After hitting a high of 10 per cent in the March quarter at the start of the COVID-19 pandemic, the unemployment rate for geoscientists in Australia has declined to 8.6 per cent in the June quarter, the AIG said.
“With more than three-quarters of Australia’s geoscientists working in exploration and mining, the results point to the absolute importance of our mineral resource industries in helping to maintain economic activity in Australia, even while in recession,” said AIG president, Andrew Waltho.
He said the improved employment rate shown in its survey of members contrasted with an uptrend in unemployment for workers generally in Australia.
“This quarter is the first time since the 2011 minerals boom that geoscientist unemployment has fallen below the unemployment rate for the Australian economy as a whole, pointing to the success of efforts being made to ensure business continuity and resilience during the pandemic,” added Waltho.

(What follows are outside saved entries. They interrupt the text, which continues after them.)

(* Let $G$ be a connected (finite, simple) graph with girth $g=g(G)<\infty$, and let $\chi$ be the largest Euler characteristic of a surface in which $G$ can be embedded; consider $G$ embedded in such a surface. Let $ad(G)=2|E(G)|/|V(G)|$ be the average degree of $G$ and $|G|=|V(G)|$. Then: \begin{enumerate} \item[(i)] $ad(G) \leq \frac{2g}{g-2}\left(1-\frac{\chi}{|G|}\right)$. \item[(ii)] If $G$ contains no two intersecting $g$-faces, then $ad(G) \leq 2 + \frac{4g+2}{g^2-g}-2\left(1+\frac{2}{g-1}\right)\frac{\chi}{|G|}$. \item[(iii)] If $G$ contains no two adjacent $g$-faces, then $ad(G) \leq \frac{2g(g+1)}{g^2-g-1}\left(1-\frac{\chi}{|G|}\right)$. \end{enumerate}
   Context: Graphs have no loops or multiple edges. Surfaces are compact 2-manifolds: the orientable surface $\mathbb{S}_h$ (sphere with $h$ handles) has Euler characteristic $2-2h$, $h\ge 0$, and the non-orientable surface $\mathbb{N}_k$ (sphere with $k$ crosscaps) has Euler characteristic $2-k$, $k\ge1$. If $G$ is embedded in a surface $\mathbb{M}$, the faces of $G$ are the connected components of $\mathbb{M}-G$; the degree of a face is the length of its boundary walk, and a $g$-face is a face of degree $g$. Two faces are intersecting if they share a common vertex, and adjacent if they share a common edge. The girth $g(G)$ is the length of a shortest cycle of $G$. *)

theory Defs
  imports Complex_Main
begin

definition simple_graph :: "'a set \<Rightarrow> 'a set set \<Rightarrow> bool" where
  "simple_graph V E \<longleftrightarrow> finite V \<and>
     (\<forall>e\<in>E. \<exists>u v. u \<in> V \<and> v \<in> V \<and> u \<noteq> v \<and> e = {u, v})"

definition connected_graph :: "'a set \<Rightarrow> 'a set set \<Rightarrow> bool" where
  "connected_graph V E \<longleftrightarrow> V \<noteq> {} \<and>
     (\<forall>u\<in>V. \<forall>v\<in>V. (\<lambda>a b. {a, b} \<in> E)\<^sup>*\<^sup>* u v)"

definition is_cycle :: "'a set \<Rightarrow> 'a set set \<Rightarrow> 'a list \<Rightarrow> bool" where
  "is_cycle V E vs \<longleftrightarrow> length vs \<ge> 3 \<and> distinct vs \<and> set vs \<subseteq> V \<and>
     (\<forall>i < length vs. {vs ! i, vs ! ((i + 1) mod length vs)} \<in> E)"

definition has_cycle :: "'a set \<Rightarrow> 'a set set \<Rightarrow> bool" where
  "has_cycle V E \<longleftrightarrow> (\<exists>vs. is_cycle V E vs)"

definition girth :: "'a set \<Rightarrow> 'a set set \<Rightarrow> nat" where
  "girth V E = (LEAST n. \<exists>vs. is_cycle V E vs \<and> length vs = n)"

text \<open>A (possibly non-orientable) cellular embedding of a graph in a closed surface is
  encoded by its set of flags with the three fixed-point-free involutions
  t0 (change vertex), t1 (change edge), t2 (change face), with t0 t2 = t2 t0,
  and the vertex of each flag.\<close>

record ('f, 'a) gmap =
  flags :: "'f set"
  t0 :: "'f \<Rightarrow> 'f"
  t1 :: "'f \<Rightarrow> 'f"
  t2 :: "'f \<Rightarrow> 'f"
  vtx :: "'f \<Rightarrow> 'a"

definition orb2 :: "('f \<Rightarrow> 'f) \<Rightarrow> ('f \<Rightarrow> 'f) \<Rightarrow> 'f \<Rightarrow> 'f set" where
  "orb2 s t x = {y. (\<lambda>a b. b = s a \<or> b = t a)\<^sup>*\<^sup>* x y}"

definition fpf_involution :: "'f set \<Rightarrow> ('f \<Rightarrow> 'f) \<Rightarrow> bool" where
  "fpf_involution F s \<longleftrightarrow> (\<forall>x\<in>F. s x \<in> F \<and> s (s x) = x \<and> s x \<noteq> x)"

definition medge :: "('f, 'a) gmap \<Rightarrow> 'f \<Rightarrow> 'a set" where
  "medge M x = {vtx M x, vtx M (t0 M x)}"

definition is_embedding :: "'a set \<Rightarrow> 'a set set \<Rightarrow> ('f, 'a) gmap \<Rightarrow> bool" where
  "is_embedding V E M \<longleftrightarrow>
     finite (flags M) \<and>
     fpf_involution (flags M) (t0 M) \<and>
     fpf_involution (flags M) (t1 M) \<and>
     fpf_involution (flags M) (t2 M) \<and>
     (\<forall>x\<in>flags M. t0 M (t2 M x) = t2 M (t0 M x) \<and> t0 M x \<noteq> t2 M x) \<and>
     (\<forall>x\<in>flags M. \<forall>y\<in>flags M.
        (\<lambda>a b. b = t0 M a \<or> b = t1 M a \<or> b = t2 M a)\<^sup>*\<^sup>* x y) \<and>
     (\<forall>x\<in>flags M. vtx M x \<in> V \<and> vtx M (t1 M x) = vtx M x \<and> vtx M (t2 M x) = vtx M x) \<and>
     (\<forall>x\<in>flags M. medge M x \<in> E) \<and>
     (\<forall>e\<in>E. \<exists>x\<in>flags M. medge M x = e) \<and>
     (\<forall>v\<in>V. \<exists>x\<in>flags M. vtx M x = v) \<and>
     (\<forall>x\<in>flags M. \<forall>y\<in>flags M. medge M x = medge M y \<longrightarrow>
        y \<in> {x, t0 M x, t2 M x, t0 M (t2 M x)}) \<and>
     (\<forall>x\<in>flags M. \<forall>y\<in>flags M. vtx M x = vtx M y \<longrightarrow> y \<in> orb2 (t1 M) (t2 M) x)"

text \<open>Faces are the orbits of \<langle>t0, t1\<rangle>; the boundary walk of a face traverses
  half as many edge-sides as the face has flags.\<close>

definition faces :: "('f, 'a) gmap \<Rightarrow> 'f set set" where
  "faces M = (\<lambda>x. orb2 (t0 M) (t1 M) x) ` flags M"

definition face_deg :: "'f set \<Rightarrow> nat" where
  "face_deg f = card f div 2"

definition face_vertices :: "('f, 'a) gmap \<Rightarrow> 'f set \<Rightarrow> 'a set" where
  "face_vertices M f = vtx M ` f"

definition face_edges :: "('f, 'a) gmap \<Rightarrow> 'f set \<Rightarrow> 'a set set" where
  "face_edges M f = medge M ` f"

definition euler_char :: "'a set \<Rightarrow> 'a set set \<Rightarrow> ('f, 'a) gmap \<Rightarrow> int" where
  "euler_char V E M = int (card V) - int (card E) + int (card (faces M))"

definition no_two_intersecting_faces_of_deg :: "('f, 'a) gmap \<Rightarrow> nat \<Rightarrow> bool" where
  "no_two_intersecting_faces_of_deg M g \<longleftrightarrow>
     (\<forall>f1\<in>faces M. \<forall>f2\<in>faces M. f1 \<noteq> f2 \<and> face_deg f1 = g \<and> face_deg f2 = g \<longrightarrow>
        face_vertices M f1 \<inter> face_vertices M f2 = {})"

definition no_two_adjacent_faces_of_deg :: "('f, 'a) gmap \<Rightarrow> nat \<Rightarrow> bool" where
  "no_two_adjacent_faces_of_deg M g \<longleftrightarrow>
     (\<forall>f1\<in>faces M. \<forall>f2\<in>faces M. f1 \<noteq> f2 \<and> face_deg f1 = g \<and> face_deg f2 = g \<longrightarrow>
        face_edges M f1 \<inter> face_edges M f2 = {})"

end

theory Submission
  imports Defs "HOL-Library.Transitive_Closure_Table"
begin

text \<open>
  Every face has degree at least g. If a face f lies on only one side of the edge uv of one
  of its flags x, then going around f without crossing that side of uv one still returns to
  the flag t0 x: otherwise the flags reached would be paired by t1 and, apart from x, by t0,
  which parity forbids. This walk from u to v avoiding uv closes a cycle of G on the boundary
  of f. A face lying on both sides of all its edges is the whole surface and contains every
  cycle of G.

  As the faces partition the 4|E| flags and a face of degree d has 2d flags, counting gives
  g F_g + (g + 1) F_o \<le> 2|E|, with F_g the number of g-faces and F_o that of the others.
  If no two g-faces intersect, their vertex sets are disjoint of size at least g, so
  g F_g \<le> |V|. If no two are adjacent, no edge has g-faces on both sides, so the flags of
  g-faces and their t2-images are disjoint and g F_g \<le> |E|. Substituting
  F_g + F_o = \<chi> - |V| + |E| turns these inequalities into the three bounds.
\<close>

section \<open>Counting with fixed-point-free involutions\<close>

lemma even_card_fpf_involution:
  assumes "finite S" "fpf_involution S s"
  shows "even (card S)"
  using assms
proof (induction "card S" arbitrary: S rule: less_induct)
  case less
  show ?case
  proof (cases "S = {}")
    case False
    then obtain a where a: "a \<in> S" by blast
    then have sa: "s a \<in> S" "s a \<noteq> a"
      using less.prems(2) unfolding fpf_involution_def by auto
    have "fpf_involution (S - {a, s a}) s"
      using less.prems(2) a unfolding fpf_involution_def by (auto, metis)
    moreover have card: "card (S - {a, s a}) = card S - 2"
      using less.prems(1) a sa by (simp add: card_Diff_subset)
    moreover have "card S \<ge> 2"
      using less.prems(1) a sa card_mono[of S "{a, s a}"] by simp
    ultimately have "even (card (S - {a, s a}))"
      using less.prems(1) \<open>card S \<ge> 2\<close> by (intro less.hyps) auto
    then show ?thesis
      using card \<open>card S \<ge> 2\<close> by simp
  qed simp
qed

lemma not_fpf_involution_Diff_singleton:
  assumes "finite S" "x \<in> S" "fpf_involution S s"
  shows "\<not> fpf_involution (S - {x}) t"
proof
  assume "fpf_involution (S - {x}) t"
  then have "even (card (S - {x}))"
    using assms(1) by (simp add: even_card_fpf_involution)
  moreover have "even (card S)"
    using assms(1,3) by (rule even_card_fpf_involution)
  moreover have "card S = Suc (card (S - {x}))"
    using assms(1,2) by (rule card_Suc_Diff1 [symmetric])
  ultimately show False
    by simp
qed

lemma card_eq_sum_card_fibers:
  "finite A \<Longrightarrow> card A = (\<Sum>b\<in>h ` A. card {a \<in> A. h a = b})"
  unfolding card_eq_sum by (rule sum.image_gen)

lemma card_fiber_ge_2:
  assumes "\<forall>a\<in>A. s a \<in> A \<and> s a \<noteq> a \<and> h (s a) = h a" "finite A" "b \<in> h ` A"
  shows "2 \<le> card {a \<in> A. h a = b}"
proof -
  obtain a where a: "a \<in> A" "h a = b" using assms(3) by blast
  then have "{a, s a} \<subseteq> {a \<in> A. h a = b}" "s a \<noteq> a" using assms(1) by auto
  then show ?thesis
    using assms(2) card_mono[of "{a \<in> A. h a = b}" "{a, s a}"] by simp
qed
locale bicm_channel =
  fixes X :: "'x set" and m :: nat and mu :: "(nat \<Rightarrow> bool) \<Rightarrow> 'x"
    and PB :: "nat \<Rightarrow> bool pmf" and N :: "'y measure" and W :: "'x \<Rightarrow> 'y \<Rightarrow> real"
  assumes labeling: "bij_betw mu (bitvecs m) X"
    and sigma_finite: "sigma_finite_measure N"
    and W_measurable: "\<And>x. x \<in> X \<Longrightarrow> W x \<in> borel_measurable N"
    and W_nonneg: "\<And>x y. x \<in> X \<Longrightarrow> y \<in> space N \<Longrightarrow> 0 \<le> W x y"
    and W_prob: "\<And>x. x \<in> X \<Longrightarrow> (\<integral>\<^sup>+ y. ennreal (W x y) \<partial>N) = 1"
begin

abbreviation "P x \<equiv> PXbicm m mu PB x"
abbreviation "lb j x \<equiv> lbit m mu j x"
abbreviation "q j b y \<equiv> qbit X m mu PB W j b y"

abbreviation bit_gmi_integrand :: "nat \<Rightarrow> real \<Rightarrow> bool \<Rightarrow> 'y \<Rightarrow> real" where
  "bit_gmi_integrand j s b y \<equiv> ln (q j b y powr s / (\<Sum>b'\<in>UNIV. q j b' y powr s * pmf (PB j) b'))"

abbreviation symbol_gmi_integrand :: "real \<Rightarrow> 'x \<Rightarrow> 'y \<Rightarrow> real" where
  "symbol_gmi_integrand s x y \<equiv> ln (qbicm X m mu PB W x y powr s /
     (\<Sum>x'\<in>X. qbicm X m mu PB W x' y powr s * P x'))"

lemma finite_symbols: "finite X"
proof -
  have "finite (bitvecs m)" unfolding bitvecs_def by (intro finite_PiE) auto
  then show ?thesis using labeling bij_betw_finite by blast
qed
lemma iter_Suc: "iter (Suc t) = sweep (iter t)"
  by (simp add: iterate_def)

definition step_size :: "nat \<Rightarrow> (nat \<times> nat) \<times> nat \<Rightarrow> real" where
  "step_size t bm = (case bm of (b, m) \<Rightarrow> cmod (blk (iter (Suc t)) b m - blk (iter t) b m))"

lemma optimality_gap_decrease:
  "p * real L / 2 * (\<Sum>bm\<in>blockset \<times> {..<M}. (step_size t bm)\<^sup>2)
    \<le> optimality_gap t - optimality_gap (Suc t)"
  using sweep_decrease[of "iter t"]
  by (simp add: optimality_gap_def Gamma_def iter_Suc step_size_def sum.cartesian_product case_prod_beta)

lemma objective_iter_le_initial: "objective (iter t) \<le> objective (iter 0)"
proof (induction t)
  case (Suc t)
  have "0 \<le> p * real L / 2 * (\<Sum>bm\<in>blockset \<times> {..<M}. (step_size t bm)\<^sup>2)"
    using p_pos by (simp add: sum_nonneg)
  then show ?case
    using Suc optimality_gap_decrease[of t] by (simp add: optimality_gap_def Gamma_def)
qed simp

lemma optimality_gap_le_step_size:
  obtains K where "K > 0"
    and "\<And>t. optimality_gap (Suc t) \<le> K * (\<Sum>bm\<in>blockset \<times> {..<M}. step_size t bm)"
proof
  define c where "c = objective (iter 0) + \<rho>"
  have "(0, 0) \<in> blockset"
    using N_pos by (simp add: blockset_def)
  then have "card blockset > 0"
    using finite_blockset by (auto simp: card_gt_0_iff)
  moreover have "c > 0"
    using objective_nonneg[of "iter 0"] rho_pos by (simp add: c_def)
  ultimately show "2 * (c / \<rho>) * p * real (L + tmax) * real (card blockset) > 0"
    using rho_pos p_pos L_pos by (intro mult_pos_pos divide_pos_pos) auto
  fix t
  have "objective (sweep (iter t)) \<le> c"
    using objective_iter_le_initial[of "Suc t"] rho_pos by (simp add: c_def iter_Suc)
  then show "optimality_gap (Suc t) \<le> 2 * (c / \<rho>) * p * real (L + tmax) * real (card blockset)
      * (\<Sum>bm\<in>blockset \<times> {..<M}. step_size t bm)"
    using sweep_gap_le_change[of "iter t" c]
    by (simp add: optimality_gap_def Gamma_def iter_Suc step_size_def sum.cartesian_product case_prod_beta)
qed
lemma Lp_geometric_partial_sums:
  assumes p: "p \<ge> 1" and q: "0 \<le> q" "q < 1" and f: "\<And>n. f n \<in> Lp_set p M"
    and f_bound: "\<And>n. lp_norm p M (f n) \<le> q ^ n * K" and K: "K \<ge> 0"
  shows "(\<lambda>w. \<Sum>n<N. f n w) \<in> Lp_set p M" and "lp_norm p M (\<lambda>w. \<Sum>n<N. f n w) \<le> K / (1 - q)"
proof -
  show "(\<lambda>w. \<Sum>n<N. f n w) \<in> Lp_set p M" by (rule Lp_sum(1)[OF finite_lessThan f p])
  have geom: "(\<Sum>n<N. q ^ n) \<le> 1 / (1 - q)"
    using sum_le_suminf[OF summable_geometric[of q], of "{..<N}"] suminf_geometric[of q] q by simp
  have "lp_norm p M (\<lambda>w. \<Sum>n<N. f n w) \<le> (\<Sum>n<N. lp_norm p M (f n))"
    by (rule Lp_sum(2)[OF finite_lessThan f p])
  also have "\<dots> \<le> (\<Sum>n<N. q ^ n) * K" unfolding sum_distrib_right by (intro sum_mono f_bound)
  also have "\<dots> \<le> 1 / (1 - q) * K" using geom K by (rule mult_right_mono)
  finally show "lp_norm p M (\<lambda>w. \<Sum>n<N. f n w) \<le> K / (1 - q)" by simp
qed

lemma Lp_fatou:
  assumes p: "p > 0" and f: "\<And>N. f N \<in> Lp_set p M" and gm: "g \<in> borel_measurable M"
    and lim: "AE w in M. (\<lambda>N. f N w) \<longlonglongrightarrow> g w"
    and bound: "eventually (\<lambda>N. lp_norm p M (f N) \<le> C) sequentially" and C: "C \<ge> 0"
  shows "g \<in> Lp_set p M" and "lp_norm p M g \<le> C"
proof -
  have [measurable]: "f N \<in> borel_measurable M" for N using f by (simp add: Lp_set_def)
  have int_eq: "(\<integral>\<^sup>+w. ennreal (cmod (f N w) powr p) \<partial>M) = ennreal (lp_norm p M (f N) powr p)" for N
    using f[of N] lp_norm_powr[OF f p] by (subst nn_integral_eq_integral) (auto simp: Lp_set_def)
  have "(\<integral>\<^sup>+w. ennreal (cmod (g w) powr p) \<partial>M) \<le> (\<integral>\<^sup>+w. liminf (\<lambda>N. ennreal (cmod (f N w) powr p)) \<partial>M)"
  proof (rule nn_integral_mono_AE)
    show "AE w in M. ennreal (cmod (g w) powr p) \<le> liminf (\<lambda>N. ennreal (cmod (f N w) powr p))"
      using lim
    proof eventually_elim
      case (elim w)
      have "(\<lambda>N. ennreal (cmod (f N w) powr p)) \<longlonglongrightarrow> ennreal (cmod (g w) powr p)"
        using elim p by (intro tendsto_ennrealI tendsto_powr' tendsto_norm) auto
      from lim_imp_Liminf[OF trivial_limit_sequentially this] show ?case by simp
    qed
  qed
  also have "\<dots> \<le> liminf (\<lambda>N. \<integral>\<^sup>+w. ennreal (cmod (f N w) powr p) \<partial>M)"
    by (rule nn_integral_liminf) measurable
  also have "\<dots> \<le> ennreal (C powr p)" unfolding int_eq
  proof (rule Liminf_le)
    show "\<forall>\<^sub>F N in sequentially. ennreal (lp_norm p M (f N) powr p) \<le> ennreal (C powr p)"
      using bound by eventually_elim (use p in \<open>auto intro!: ennreal_leI powr_mono2 simp: lp_norm_nonneg\<close>)
  qed simp
  finally show "g \<in> Lp_set p M" "lp_norm p M g \<le> C" using Lp_of_nn_integral_bound[OF p gm C] by auto
qed
(* $\mathtt{normal}$-$\mathtt{pred}$-$\mathtt{dio}$-$\mathtt{ESO}$-$\mathtt{HORN}\subseteq\mathtt{RealTime_{IA}}$: for every normalized predecessor Horn formula with diagonal input-output $\Phi$ there is an iterative array accepting in real time exactly the words $w\in\Sigma^+$ with $\langle w\rangle\models\Phi$.
   Context: Fix a finite alphabet $\Sigma$. A nonempty word $w=w_1\cdots w_n$ is represented by the structure $\langle w\rangle=([1,n];(Q_s)_{s\in\Sigma},\mathtt{min},\mathtt{max},\mathtt{suc},\mathtt{pred})$ with $Q_s(i)\iff w_i=s$, $\mathtt{min}(i)\iff i=1$, $\mathtt{max}(i)\iff i=n$, $\mathtt{suc}(i)=\min(i+1,n)$, $\mathtt{pred}(i)=\max(i-1,1)$; $x-1=\mathtt{pred}(x)$. A normalized predecessor Horn formula with diagonal input-output is $\Phi=\exists\mathbf{R}\forall x\forall y\,\psi(x,y)$, with $\mathbf{R}$ a finite set of binary relation symbols and $\psi$ a conjunction of clauses each of one of the forms: input clauses $x=y\wedge\mathtt{min}(x)\wedge Q_s(x)\to R(x,y)$ or $x=y\wedge\neg\mathtt{min}(x)\wedge Q_s(x)\to R(x,y)$ ($s\in\Sigma$, $R\in\mathbf{R}$); the contradiction clause $\mathtt{max}(x)\wedge\mathtt{max}(y)\wedge R_\bot(x,y)\to\bot$ for a fixed $R_\bot\in\mathbf{R}$; computation clauses $\delta_1\wedge\cdots\wedge\delta_r\to R(x,y)$, $R\in\mathbf{R}$, each $\delta_i$ a conjunction $S(x-1,y)\wedge\neg\mathtt{min}(x)$ or $S(x,y-1)\wedge\neg\mathtt{min}(y)$, $S\in\mathbf{R}$. $\mathtt{normal}$-$\mathtt{pred}$-$\mathtt{dio}$-$\mathtt{ESO}$-$\mathtt{HORN}$ is the class of languages $\{w\in\Sigma^+:\langle w\rangle\models\Phi\}$ for such $\Phi$. An iterative array is a cellular automaton with finite state set $Q\supseteq\Sigma$, accepting states $Q_{accept}\subseteq Q$, neighborhood $\{-1,0,1\}$, transition function $\delta:Q^3\to Q$ and an input transition function $\delta_{input}$ for the first cell. On input $w=w_1\cdots w_n$ it uses cells $1,\dots,n$; cells outside are permanently in a state $\sharp$, cells not yet reached by information are in a quiescent state $\lambda$. The letter $w_i$ is given to cell 1 at time $i$ (state of cell 1 at time $i\le n$ computed by $\delta_{input}$ from $w_i$ and the previous neighbourhood states); other updates are $\langle c,t\rangle=\delta(\langle c-1,t-1\rangle,\langle c,t-1\rangle,\langle c+1,t-1\rangle)$. The array accepts $w$ in real time iff $\langle 1,n\rangle\in Q_{accept}$; $\mathtt{RealTime_{IA}}$ is the class of languages so accepted. *)

theory Defs
  imports Main
begin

Still, around 17.4 per cent of geoscientists were underemployed in the June quarter, down only marginally from 18.1 per cent in the March quarter.
AIG members reporting underemployment may be working fewer hours than they would like, or working in a sector different to geoscience or mining.
There was a wide variation in unemployment and underemployment rates for geoscientists in different states of Australia.
Western Australia saw a reduction in unemployment for geoscientists in the June quarter, while the rate increased slightly in Queensland, NSW and Victoria.
Long-term unemployment rates for geoscientists was a stubbornly high 34 per cent, including 22 per cent who have been without work for two years.